I personally really loved the harmonic tremolo setting which introduces harmonic modulation through phase shifting. The addition of a reverb and a grain knob also adds some extra utility to the pedal. Cranking up the grain can give some really nice Lo Fi distortion to your signal.
Holding down the Tap footswitch ramps the tremolo to a multiple of the current setting over about a second or two. This emulates the time it would take for a rotary speaker to speed up. The longer the current waveform cycle, the more of a speed increase you will notice.
This was more intuitive than I was expecting and can be used to create some great swirling builds and transitions. I do kinda wish that the tap tempo would set after only two taps because 4 taps is a little too much dancing on the pedal board.
The Lo-Fi delay is a grainy, tape style delay that works pretty much as you’d expect. Three different algorithms give you either hi fidelity repeats, dark low passed repeats or tape style repeats with a high cut. This last setting is probably where you’ll be spending the most time with the pedal, it’s full of character.
Similar to the Roundhouse, a second layer can be activated by holding the splash footswitch to create a huge swirling feedback delay, which is a really cool way to create an organic feedback transition between sections at a live show. It can also be used to momentarily change the tempo of the current delay speed to either ½ the speed , ⅓ of the speed or double or triple the speed.
Alternatively the Lo-Fi delay can be used as a spot effect by switching it over into ‘dry’ mode, where the delay only kicks in when holding the splash button.
The Spring Reverb II will probably sit on the end of your pedal chain and features three really nice reverb algorithms; Echoverb (based on the 90s Princeton PT2399 Echo), Studio – a classic clean studio reverb, and Tank – a 70s electromechanical reverb.
It also includes a mod function which introduces a subtle vibrato and rototrem modulation.
A second layer of controls allows you to fine tune your reverb, modulation and boost settings. These controls involve a little bit of menu diving but don’t panic, you’re not going to be adjusting these on the fly, you’ll most likely be finding your favourite sound and setting and forgetting.
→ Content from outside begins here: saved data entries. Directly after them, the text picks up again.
(* For every positive integer $k$, the binary word $w_k=a^kba^kba^{2k}$ (of length $4k+2$) contains exactly $k+\left(\lfloor k/2\rfloor+1\right)^2+(k+1)\lceil k/2\rceil$ distinct abelian squares as factors. Consequently, the maximum number of distinct abelian square factors of a binary word of length $4k+2$ is at least $k+\left(\lfloor k/2\rfloor+1\right)^2+(k+1)\lceil k/2\rceil$.
   Context: For a word $u$ over $\{a,b\}$ and a letter $c$, $|u|_c$ is the number of occurrences of $c$ in $u$, and the Parikh vector of $u$ is $\mathcal{P}(u)=[|u|_a,|u|_b]$. A nonempty word $uv$ is an abelian square if $\mathcal{P}(u)=\mathcal{P}(v)$ (so $|u|=|v|\ge 1$). The number of distinct abelian squares in $w$ is the number of distinct words (as strings) that occur as factors (contiguous subwords) of $w$ and are abelian squares. $a^m$ denotes $m$ consecutive copies of the letter $a$. *)

theory Defs
  imports Main
begin

datatype letter = a | b

definition parikh :: "letter list \<Rightarrow> nat \<times> nat" where
  "parikh u = (count_list u a, count_list u b)"

definition abelian_square :: "letter list \<Rightarrow> bool" where
  "abelian_square w \<longleftrightarrow> (\<exists>u v. w = u @ v \<and> u \<noteq> [] \<and> parikh u = parikh v)"

definition factors :: "letter list \<Rightarrow> letter list set" where
  "factors w = {u. \<exists>p s. w = p @ u @ s}"

definition num_abelian_squares :: "letter list \<Rightarrow> nat" where
  "num_abelian_squares w = card {u \<in> factors w. abelian_square u}"

definition max_abelian_squares :: "nat \<Rightarrow> nat" where
  "max_abelian_squares n = Max (num_abelian_squares ` {w. length w = n})"

definition wk :: "nat \<Rightarrow> letter list" where
  "wk k = replicate k a @ [b] @ replicate k a @ [b] @ replicate (2*k) a"

end

theory Submission
  imports Defs
begin

text \<open>
  Since the halves of an abelian square contain equally many letters b, every abelian square
  factor of \<open>w\<^sub>k\<close> contains either no b or both of them. In the first case it is
  \<open>a\<^sup>2\<^sup>m\<close> with \<open>1 \<le> m \<le> k\<close>, as the longest block of a's has length 2k. In the
  second case it is \<open>a\<^sup>i b a\<^sup>k b a\<^sup>j\<close> with \<open>i \<le> k\<close>, \<open>j \<le> 2k\<close>, and this word is an
  abelian square exactly when its length is even and its midpoint lies in the central block,
  i.e. \<open>i + j + k\<close> is even and \<open>|i - j| \<le> k\<close>. For fixed i there are
  \<open>\<lfloor>(i+k)/2\<rfloor> + 1\<close> admissible j, and summing over \<open>i \<le> k\<close> gives the closed form.
\<close>

lemma length_eq_count_a_plus_count_b: "length w = count_list w a + count_list w b"
proof (induction w)
  case (Cons c w) then show ?case by (cases c) auto
qed simp

lemma replicate_a_if_b_notin: "b \<notin> set w \<Longrightarrow> w = replicate (length w) a"
  by (metis letter.exhaust replicate_length_same)

lemma abelian_square_iff_halves:
  "abelian_square u \<longleftrightarrow> u \<noteq> [] \<and> even (length u)
     \<and> count_list (take (length u div 2) u) b = count_list (drop (length u div 2) u) b"
proof
  assume "abelian_square u"
  then obtain x y where u: "u = x @ y" "x \<noteq> []" and "parikh x = parikh y"
    unfolding abelian_square_def by blast
  then have counts: "count_list x a = count_list y a" "count_list x b = count_list y b"
    unfolding parikh_def by auto
  then have "length x = length y" by (simp add: length_eq_count_a_plus_count_b)
  then show "u \<noteq> [] \<and> even (length u)
     \<and> count_list (take (length u div 2) u) b = count_list (drop (length u div 2) u) b"
    using u counts by simp
next
  assume "u \<noteq> [] \<and> even (length u)
     \<and> count_list (take (length u div 2) u) b = count_list (drop (length u div 2) u) b"
  moreover define x y where "x = take (length u div 2) u" and "y = drop (length u div 2) u"
  moreover have "length u div 2 > 0"
    using calculation(1) by (cases u) (auto elim!: evenE)
  ultimately have "u = x @ y" "x \<noteq> []" "length x = length y" "count_list x b = count_list y b"
    by (auto elim: evenE)
  moreover from this have "count_list x a = count_list y a"
    using length_eq_count_a_plus_count_b[of x] length_eq_count_a_plus_count_b[of y] by simp
  ultimately show "abelian_square u"
    unfolding abelian_square_def parikh_def by auto
qed

lemma count_b_abelian_square_even: "abelian_square u \<Longrightarrow> even (count_list u b)"
  by (metis abelian_square_iff_halves append_take_drop_id count_list_append even_add)

lemma abelian_square_replicate_a_iff: "abelian_square (replicate n a) \<longleftrightarrow> n > 0 \<and> even n"
  by (simp add: abelian_square_iff_halves)

definition two_b :: "nat \<Rightarrow> nat \<Rightarrow> nat \<Rightarrow> letter list" where
  "two_b i k j = replicate i a @ b # replicate k a @ b # replicate j a"

lemma count_b_two_b [simp]: "count_list (two_b i k j) b = 2"
  by (simp add: two_b_def)

lemma count_b_take_two_b:
  "count_list (take h (two_b i k j)) b = (if h \<le> i then 0 else if h \<le> i + k + 1 then 1 else 2)"
  by (auto simp: two_b_def take_Cons' min_def)

lemma abelian_square_two_b_iff:
  "abelian_square (two_b i k j) \<longleftrightarrow> even (i + j + k) \<and> i \<le> j + k \<and> j \<le> i + k"
proof -
  let ?u = "two_b i k j" and ?h = "(i + j + k + 2) div 2"
  have "length ?u = i + j + k + 2" by (simp add: two_b_def)
  moreover have "count_list (take ?h ?u) b + count_list (drop ?h ?u) b = 2"
    by (metis append_take_drop_id count_b_two_b count_list_append)
  ultimately have "abelian_square ?u \<longleftrightarrow> even (i + j + k) \<and> count_list (take ?h ?u) b = 1"
    by (auto simp: abelian_square_iff_halves)
  also have "\<dots> \<longleftrightarrow> even (i + j + k) \<and> i < ?h \<and> ?h \<le> i + k + 1"
    unfolding count_b_take_two_b by auto
  also have "\<dots> \<longleftrightarrow> even (i + j + k) \<and> i \<le> j + k \<and> j \<le> i + k"
  proof (cases "even (i + j + k)")
    case True
    then obtain c where c: "i + j + k = 2 * c" by blast
    then have "?h = c + 1" by simp
    then show ?thesis using c by auto
  qed simp
  finally show ?thesis .
qed

lemma replicate_a_Cons_b_eq_iff:
  "replicate i a @ b # r = replicate i' a @ b # r' \<longleftrightarrow> i = i' \<and> r = r'"
proof (induction i arbitrary: i')
  case 0 then show ?case by (cases i') auto
next
  case (Suc i) then show ?case by (cases i') auto
qed

lemma two_b_eq_iff: "two_b i k j = two_b i' k j' \<longleftrightarrow> i = i' \<and> j = j'"
  by (simp add: two_b_def replicate_a_Cons_b_eq_iff)

lemma nth_mem_factor: "length p \<le> n \<Longrightarrow> n < length p + length u \<Longrightarrow> (p @ u @ s) ! n \<in> set u"
  by (auto simp: nth_append)

lemma length_wk: "length (wk k) = 4 * k + 2"
  by (simp add: wk_def)

lemma wk_nth_b: "wk k ! k = b" "wk k ! (2 * k + 1) = b"
  by (simp_all add: wk_def nth_append)

lemma count_b_wk: "count_list (wk k) b = 2"
  by (simp add: wk_def)

lemma wk_eq_replicate_two_b_replicate:
  assumes "i \<le> k" "j \<le> 2 * k"
  shows "wk k = replicate (k - i) a @ two_b i k j @ replicate (2 * k - j) a"
proof -
  have "replicate k a = replicate (k - i) a @ replicate i a"
       "replicate (2 * k) a = replicate j a @ replicate (2 * k - j) a"
    using assms by (simp_all flip: replicate_add)
  then show ?thesis by (simp add: wk_def two_b_def)
qed

lemma length_b_free_factor_wk:
  assumes "wk k = p @ u @ s" "b \<notin> set u"
  shows "length u \<le> 2 * k"
proof -
  have "\<not> (length p \<le> n \<and> n < length p + length u)" if "wk k ! n = b" for n
    using nth_mem_factor[of p n u s] that assms by auto
  from this[OF wk_nth_b(1)] this[OF wk_nth_b(2)]
  show ?thesis using arg_cong[OF assms(1), of length] by (simp add: length_wk) presburger
qed

lemma factor_wk_with_both_b:
  assumes w: "wk k = p @ u @ s" and "count_list u b = 2"
  obtains i j where "i \<le> k" "j \<le> 2 * k" "u = two_b i k j"
proof -
  have "count_list p b = 0" "count_list s b = 0"
    using arg_cong[OF w, of "\<lambda>w. count_list w b"] assms(2) by (simp_all add: count_b_wk)
  then have bp: "b \<notin> set p" and bs: "b \<notin> set s"
    by (simp_all add: count_list_0_iff)
  then have p: "p = replicate (length p) a" and s: "s = replicate (length s) a"
    using replicate_a_if_b_notin by blast+
  have len: "length p + length u + length s = 4 * k + 2"
    using arg_cong[OF w, of length] by (simp add: length_wk)
  have "length p \<le> k"
    using nth_mem_factor[of "[]" k p "u @ s"] w bp wk_nth_b(1)[of k] by fastforce
  moreover have "length s \<le> 2 * k"
    using nth_mem_factor[of "p @ u" "2 * k + 1" s "[]"] w len bs wk_nth_b(2)[of k] by fastforce
  moreover define i j where "i = k - length p" and "j = 2 * k - length s"
  ultimately have "i \<le> k" "j \<le> 2 * k" "wk k = p @ two_b i k j @ s"
    using wk_eq_replicate_two_b_replicate[of i k j] p s by (auto simp del: replicate_length_same)
  with w show thesis using that by simp
qed

definition balanced_pairs :: "nat \<Rightarrow> (nat \<times> nat) set" where
  "balanced_pairs k = {(i, j). i \<le> k \<and> j \<le> i + k \<and> even (i + j + k)}"

lemma abelian_square_factors_wk:
  "{u \<in> factors (wk k). abelian_square u}
     = (\<lambda>m. replicate (2 * m) a) ` {1..k} \<union> (\<lambda>(i, j). two_b i k j) ` balanced_pairs k"
    (is "?L = ?A \<union> ?B")
proof (intro equalityI subsetI)
  fix u assume "u \<in> ?L"
  then obtain p s where w: "wk k = p @ u @ s" and sq: "abelian_square u"
    unfolding factors_def by blast
  have "count_list u b \<le> 2"
    using arg_cong[OF w, of "\<lambda>w. count_list w b"] by (simp add: count_b_wk)
  with count_b_abelian_square_even[OF sq] consider "count_list u b = 0" | "count_list u b = 2"
    by fastforce
  then show "u \<in> ?A \<union> ?B"
  proof cases
    case 1
    then have "b \<notin> set u" by (simp add: count_list_0_iff)
    then have "u = replicate (2 * (length u div 2)) a" "length u \<le> 2 * k" "length u \<noteq> 0"
      using sq length_b_free_factor_wk[OF w] replicate_a_if_b_notin[of u]
      by (auto simp: abelian_square_iff_halves)
    then show ?thesis by fastforce
  next
    case 2
    then obtain i j where "i \<le> k" "u = two_b i k j"
      using factor_wk_with_both_b[OF w] by blast
    with sq have "(i, j) \<in> balanced_pairs k"
      by (simp add: abelian_square_two_b_iff balanced_pairs_def)
    with \<open>u = two_b i k j\<close> show ?thesis by force
  qed
next
  fix u assume "u \<in> ?A \<union> ?B"
  then show "u \<in> ?L"
  proof
    assume "u \<in> ?A"
    then obtain m where m: "m \<in> {1..k}" "u = replicate (2 * m) a" by blast
    then have "wk k = (replicate k a @ b # replicate k a @ [b]) @ u @ replicate (2 * k - 2 * m) a"
      by (simp add: wk_def flip: replicate_add)
    then have "u \<in> factors (wk k)" unfolding factors_def by blast
    then show "u \<in> ?L"
      using m by (simp add: abelian_square_replicate_a_iff)
  next
    assume "u \<in> ?B"
    then obtain i j where "(i, j) \<in> balanced_pairs k" "u = two_b i k j" by auto
    then show "u \<in> ?L"
      using wk_eq_replicate_two_b_replicate[of i k j]
      by (auto simp: factors_def balanced_pairs_def abelian_square_two_b_iff)
  qed
qed

lemma card_parity_class: "card {j. j \<le> n \<and> even (n + j)} = n div 2 + 1"
proof -
  have "{j. j \<le> n \<and> even (n + j)} = (\<lambda>t. n - 2 * t) ` {..n div 2}"
  proof (intro set_eqI iffI)
    fix j assume "j \<in> {j. j \<le> n \<and> even (n + j)}"
    then have "j = n - 2 * ((n - j) div 2)" "(n - j) div 2 \<le> n div 2" by auto
    then show "j \<in> (\<lambda>t. n - 2 * t) ` {..n div 2}" by blast
  qed auto
  moreover have "inj_on (\<lambda>t. n - 2 * t) {..n div 2}" by (auto simp: inj_on_def)
  ultimately show ?thesis by (simp add: card_image)
qed

lemma sum_half_plus_one_even: "(\<Sum>n<2 * (m::nat). n div 2 + 1) = m * (m + 1)"
  by (induction m) (simp_all add: lessThan_Suc)

lemma sum_half_plus_one_odd: "(\<Sum>n<2 * (m::nat) + 1. n div 2 + 1) = (m + 1) ^ 2"
  using sum_half_plus_one_even[of m] by (simp add: power2_eq_square)

lemma card_balanced_pairs:
  "card (balanced_pairs k) = (k div 2 + 1) ^ 2 + (k + 1) * ((k + 1) div 2)"
proof -
  have "balanced_pairs k = Sigma {..k} (\<lambda>i. {j. j \<le> i + k \<and> even (i + k + j)})"
    by (auto simp: balanced_pairs_def ac_simps)
  then have "card (balanced_pairs k) = (\<Sum>i\<le>k. card {j. j \<le> i + k \<and> even (i + k + j)})"
    by (simp add: card_SigmaI)
  also have "\<dots> = (\<Sum>i\<le>k. (i + k) div 2 + 1)"
    by (simp only: card_parity_class)
  also have "\<dots> = (\<Sum>n\<in>{k..<2 * k + 1}. n div 2 + 1)"
    by (rule sum.reindex_bij_witness[of _ "\<lambda>n. n - k" "\<lambda>i. i + k"]) auto
  finally have "card (balanced_pairs k) = (\<Sum>n\<in>{k..<2 * k + 1}. n div 2 + 1)" .
  moreover have "(\<Sum>n<k. n div 2 + 1) + (\<Sum>n\<in>{k..<2 * k + 1}. n div 2 + 1) = (k + 1) ^ 2"
    unfolding sum_half_plus_one_odd[symmetric] lessThan_atLeast0
    by (rule sum.atLeastLessThan_concat) simp_all
  moreover have "(\<Sum>n<k. n div 2 + 1) + ((k div 2 + 1) ^ 2 + (k + 1) * ((k + 1) div 2)) = (k + 1) ^ 2"
  proof (cases "even k")
    case True
    then obtain m where "k = 2 * m" by blast
    then show ?thesis
      using sum_half_plus_one_even[of m] by (simp add: power2_eq_square algebra_simps)
  next
    case False
    then obtain m where "k = 2 * m + 1" by (blast elim: oddE)
    then show ?thesis
      using sum_half_plus_one_odd[of m] by (simp add: power2_eq_square algebra_simps)
  qed
  ultimately show ?thesis by linarith
qed

lemma finite_words_of_length: "finite {w :: letter list. length w = n}"
proof -
  have "(UNIV :: letter set) = {a, b}" using letter.exhaust by auto
  then have "finite (UNIV :: letter set)" by (metis finite.emptyI finite.insertI)
  then show ?thesis using finite_lists_length_eq[of UNIV n] by simp
qed

theorem mainTheorem3:
  fixes k :: nat
  assumes "k \<ge> 1"
  shows "length (wk k) = 4*k + 2
    \<and> num_abelian_squares (wk k) = k + (k div 2 + 1)^2 + (k + 1) * ((k + 1) div 2)
    \<and> max_abelian_squares (4*k + 2) \<ge> k + (k div 2 + 1)^2 + (k + 1) * ((k + 1) div 2)"
  \<comment> \<open>the count holds for \<open>k = 0\<close> as well\<close>
proof -
  have "inj_on (\<lambda>m. replicate (2 * m) a) {1..k}"
    by (auto simp: inj_on_def)
  moreover have "inj_on (\<lambda>(i, j). two_b i k j) (balanced_pairs k)"
    by (auto simp: inj_on_def two_b_eq_iff)
  moreover have "finite (balanced_pairs k)"
    by (rule finite_subset[of _ "{..k} \<times> {..2 * k}"]) (auto simp: balanced_pairs_def)
  moreover have "(\<lambda>m. replicate (2 * m) a) ` {1..k} \<inter> (\<lambda>(i, j). two_b i k j) ` balanced_pairs k = {}"
    by (force dest: arg_cong[of _ _ "\<lambda>w. count_list w b"])
  ultimately have count: "num_abelian_squares (wk k) = k + card (balanced_pairs k)"
    unfolding num_abelian_squares_def abelian_square_factors_wk
    by (simp add: card_Un_disjoint card_image)
  have "num_abelian_squares (wk k) \<le> max_abelian_squares (4 * k + 2)"
    unfolding max_abelian_squares_def
    by (rule Max_ge) (simp_all add: finite_words_of_length length_wk)
  then show ?thesis
    using count by (simp add: length_wk card_balanced_pairs)
qed

end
And let’s be real, who doesn’t love a bit of a menu dive to find some cool sounds.
You’ll also find a sneaky usb port on the side, so I think we’ll be seeing some additional algorithms to come, and a little birdy told us that you’ll even be able to make custom algorithm requests.
Don’t be scared off by the depth of these pedals, they all come with a really nicely designed and intuitive user guide, and trust me, you’ll be grateful you took the time to read it. There’s a whole heap of interesting sounds to discover.
If you’re a guitarist who’s interested in adding some unique, niche and eye-catching pedals to your rig, I reckon you should consider adding Colourtone to your list.
They’ll be a worthy addition whether you’re looking for some new additions to your live rig, or some fun new toys for the studio.
They come in at 469 AUD each for the Roundhouse and the Lo-Fi Delay and 312 AUD for the Spring Reverb II.